Post-Rock

Mogwai live at the Royal Festival Hall, 2014

Mogwai performing at the Royal Festival Hall, London, 2014.

A genre that uses the instrumentation of rock — electric guitar, bass, drums — to achieve ends traditionally associated with classical or electronic music: texture, atmosphere, dynamics, narrative arc, without vocals. The term was coined by critic Simon Reynolds in 1994 reviewing Talk Talk’s Laughing Stock (1991).


Defining works

ArtistAlbumYearNotes
Talk TalkLaughing Stock1991Proto-post-rock; pastoral and desolate
SlintSpiderland1991Blueprint for math rock and quiet-loud dynamics
TortoiseMillions Now Living Will Never Die1996Jazz, dub, krautrock synthesis
Godspeed You! Black EmperorF♯ A♯ ∞1997Maximalist; apocalyptic; field recordings
MogwaiYoung Team1997Scottish; guitar density as emotional weapon
Explosions in the SkyThe Earth Is Not a Cold Dead Place2003Cinematic; emotionally legible
Sigur RósÁgætis byrjun1999Icelandic; invented a language (Vonlenska) for vocals

Dynamics

Post-rock’s central technique: prolonged tension and release.
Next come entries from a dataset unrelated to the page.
(* Let $X_t\subset X_{t+p}$ be finite simplicial complexes, let $\mathscr{S}_{t+p}$ be a cellular sheaf on $X_{t+p}$ whose stalks are finite-dimensional inner product spaces over $\mathbb{R}$ or $\mathbb{C}$, and let $\mathscr{S}_t$ be its pullback to $X_t$. Suppose each simplex of $X_{t+p}$ is oriented and the simplices of $X_t$ carry the same orientations. Then the spectrum of the persistent sheaf Laplacian $\Delta_q^{t,p}$ does not depend on the choice of orientations of the simplices of $X_{t+p}$ (with $X_t$ always carrying the inherited orientations).
   Context: A cellular sheaf assigns stalks $\mathscr{S}(\sigma)$ to simplices and linear restriction maps $\mathscr{S}_{\sigma\leqslant\tau}$ to face relations, functorially; the pullback $\mathscr{S}_t$ has the same stalks and restriction maps on $X_t$. $C^q(X;\mathscr{S})=\bigoplus_{\dim\sigma=q}\mathscr{S}(\sigma)$, distinct stalks orthogonal; $C^q(X_t;\mathscr{S}_t)$ is the subspace of $C^q(X_{t+p};\mathscr{S}_{t+p})$ spanned by stalks over simplices of $X_t$. The orientation determines signed incidence numbers: for $\tau=[v_0,\dots,v_n]$ and $\sigma=[v_0,\dots,\hat v_i,\dots,v_n]$, $[\sigma:\tau]=(-1)^i$ (or $(-1)^{i+1}$ if $\sigma$ is oppositely oriented), $0$ if $\sigma$ is not a codimension-one face. Coboundary $d_q|_{\mathscr{S}(\sigma)}=\sum_{\sigma\leqslant\tau}[\sigma:\tau]\mathscr{S}_{\sigma\leqslant\tau}$; $d^t,d^{t+p}$ denote those of the two complexes. Let $\mathbb{C}^{t,p}_{q+1}=\{e\in C^{q+1}(X_{t+p};\mathscr{S}_{t+p}) : (d_q^{t+p})^*(e)\in C^q(X_t;\mathscr{S}_t)\}$, let $\eth_q^{t,p}:C^q(X_t;\mathscr{S}_t)\to\mathbb{C}^{t,p}_{q+1}$ be the adjoint of $(d_q^{t+p})^*|_{\mathbb{C}^{t,p}_{q+1}}$, and define $\Delta_q^{t,p}=(\eth_q^{t,p})^*\eth_q^{t,p}+d_{q-1}^t(d_{q-1}^t)^*$. *)

theory Defs
  imports "Jordan_Normal_Form.Schur_Decomposition"
begin

definition simplicial_complex :: "'v set set \<Rightarrow> bool" where
  "simplicial_complex X \<longleftrightarrow> finite X \<and>
     (\<forall>\<sigma>\<in>X. finite \<sigma> \<and> \<sigma> \<noteq> {}) \<and>
     (\<forall>\<sigma>\<in>X. \<forall>\<rho>. \<rho> \<subseteq> \<sigma> \<longrightarrow> \<rho> \<noteq> {} \<longrightarrow> \<rho> \<in> X)"

definition cells :: "'v set set \<Rightarrow> nat \<Rightarrow> 'v set set" where
  "cells X q = {\<sigma> \<in> X. card \<sigma> = Suc q}"

text \<open>An orientation of the simplices of X assigns to each simplex an ordering
  [v0,...,vn] of its vertices (an orientation is the class of such orderings
  modulo even permutations; quantifying over all orderings covers all orientations).\<close>
definition orientation :: "'v set set \<Rightarrow> ('v set \<Rightarrow> 'v list) \<Rightarrow> bool" where
  "orientation X ori \<longleftrightarrow> (\<forall>\<sigma>\<in>X. distinct (ori \<sigma>) \<and> set (ori \<sigma>) = \<sigma>)"

definition perm_sign :: "'v list \<Rightarrow> 'v list \<Rightarrow> int" where
  "perm_sign xs ys = (-1) ^ card {(a, b). \<exists>i j. i < j \<and> j < length xs \<and> xs ! i = a \<and> xs ! j = b \<and>
        (\<exists>k l. k < l \<and> l < length ys \<and> ys ! k = b \<and> ys ! l = a)}"

text \<open>Signed incidence number [sigma : tau]: if tau = [v0,...,vn] (its orientation) and
  sigma = tau minus v_i, it is (-1)^i if sigma is oriented as [v0,...,^vi,...,vn] and
  (-1)^(i+1) if oppositely oriented; 0 if sigma is not a codimension-one face of tau.\<close>
definition incidence :: "('v set \<Rightarrow> 'v list) \<Rightarrow> 'v set \<Rightarrow> 'v set \<Rightarrow> int" where
  "incidence ori \<sigma> \<tau> =
     (if \<sigma> \<subseteq> \<tau> \<and> card \<tau> = Suc (card \<sigma>) then
        (let v = the_elem (\<tau> - \<sigma>); i = length (takeWhile (\<lambda>x. x \<noteq> v) (ori \<tau>))
         in (-1) ^ i * perm_sign (ori \<sigma>) (remove1 v (ori \<tau>)))
      else 0)"

text \<open>A cellular sheaf with finite-dimensional inner product stalks: the stalk over sigma
  is the coordinate space of dimension sdim sigma with its standard inner product
  (every finite-dimensional inner product space is isometric to such a space),
  and the restriction map for sigma <= tau is the matrix res sigma tau.\<close>
definition cellular_sheaf ::
  "'v set set \<Rightarrow> ('v set \<Rightarrow> nat) \<Rightarrow> ('v set \<Rightarrow> 'v set \<Rightarrow> 'a :: comm_ring_1 mat) \<Rightarrow> bool" where
  "cellular_sheaf X sdim res \<longleftrightarrow>
     (\<forall>\<sigma>\<in>X. \<forall>\<tau>\<in>X. \<sigma> \<subseteq> \<tau> \<longrightarrow> res \<sigma> \<tau> \<in> carrier_mat (sdim \<tau>) (sdim \<sigma>)) \<and>
     (\<forall>\<sigma>\<in>X. res \<sigma> \<sigma> = 1\<^sub>m (sdim \<sigma>)) \<and>
     (\<forall>\<rho>\<in>X. \<forall>\<sigma>\<in>X. \<forall>\<tau>\<in>X. \<rho> \<subseteq> \<sigma> \<longrightarrow> \<sigma> \<subseteq> \<tau> \<longrightarrow> res \<rho> \<tau> = res \<sigma> \<tau> * res \<rho> \<sigma>)"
A track builds from near-silence over several minutes, adding layers, increasing density, until it erupts. The eruption is only meaningful because of the patience that precedes it. This is why the genre rewards headphones and punishes background listening.

The joke is that all post-rock sounds the same. The truth is that the best of it sounds more emotionally specific than most music with lyrics.